(Data for the task Opens)

lemma potential_if_cycle_sums_eq_0:
  assumes orient: "oriented_graph V A" and conn: "connected_graph V A"
    and cycles: "\<forall>C. is_cycle V A C \<longrightarrow> cycle_sum A w C = 0"
  shows "\<exists>h. is_potential A w h"
proof -
  let ?R = "A \<union> A\<inverse>"
  have AV: "A \<subseteq> V \<times> V" using orient unfolding oriented_graph_def by auto
  obtain r where r: "r \<in> V" using conn unfolding connected_graph_def by auto
  have "walk_sum (signed_arc_value A w) xs = 0"
    if "is_walk ?R xs" "set xs \<subseteq> V" "xs \<noteq> []" "hd xs = last xs" for xs
  proof (rule closed_walk_sum_eq_0[OF _ _ _ that])
    show "\<And>x y. (x, y) \<in> ?R \<Longrightarrow> signed_arc_value A w y x = - signed_arc_value A w x y"
      using orient unfolding oriented_graph_def signed_arc_value_def by auto
    show "\<And>x. (x, x) \<notin> ?R"
      using orient unfolding oriented_graph_def by auto
    show "(\<Sum>i<length C. signed_arc_value A w (C ! i) (C ! ((i + 1) mod length C))) = 0"
      if "3 \<le> length C" "distinct C" "set C \<subseteq> V"
        "\<forall>i<length C. (C ! i, C ! ((i + 1) mod length C)) \<in> ?R" for C
      using cycles that unfolding is_cycle_def cycle_sum_def by auto
  qed
  then obtain h where "\<forall>u v. (u, v) \<in> ?R \<longrightarrow> signed_arc_value A w u v = h v - h u"
    using potential_if_closed_walk_sums_eq_0[of ?R V r] AV r conn
    unfolding connected_graph_def by blast
  then have "is_potential A w h"
    unfolding is_potential_def signed_arc_value_def by auto
  then show ?thesis by blast
qed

(Data for the task Closes)

The whole listing above, line by line, is to be retyped exactly.

__Solution below__
lemma potential_if_cycle_sums_eq_0:
  assumes orient: "oriented_graph V A" and conn: "connected_graph V A"
    and cycles: "\<forall>C. is_cycle V A C \<longrightarrow> cycle_sum A w C = 0"
  shows "\<exists>h. is_potential A w h"
proof -
  let ?R = "A \<union> A\<inverse>"
  have AV: "A \<subseteq> V \<times> V" using orient unfolding oriented_graph_def by auto
  obtain r where r: "r \<in> V" using conn unfolding connected_graph_def by auto
  have "walk_sum (signed_arc_value A w) xs = 0"
    if "is_walk ?R xs" "set xs \<subseteq> V" "xs \<noteq> []" "hd xs = last xs" for xs
  proof (rule closed_walk_sum_eq_0[OF _ _ _ that])
    show "\<And>x y. (x, y) \<in> ?R \<Longrightarrow> signed_arc_value A w y x = - signed_arc_value A w x y"
      using orient unfolding oriented_graph_def signed_arc_value_def by auto
    show "\<And>x. (x, x) \<notin> ?R"
      using orient unfolding oriented_graph_def by auto
    show "(\<Sum>i<length C. signed_arc_value A w (C ! i) (C ! ((i + 1) mod length C))) = 0"
      if "3 \<le> length C" "distinct C" "set C \<subseteq> V"
        "\<forall>i<length C. (C ! i, C ! ((i + 1) mod length C)) \<in> ?R" for C
      using cycles that unfolding is_cycle_def cycle_sum_def by auto
  qed
  then obtain h where "\<forall>u v. (u, v) \<in> ?R \<longrightarrow> signed_arc_value A w u v = h v - h u"
    using potential_if_closed_walk_sums_eq_0[of ?R V r] AV r conn
    unfolding connected_graph_def by blast
  then have "is_potential A w h"
    unfolding is_potential_def signed_arc_value_def by auto
  then show ?thesis by blast
qed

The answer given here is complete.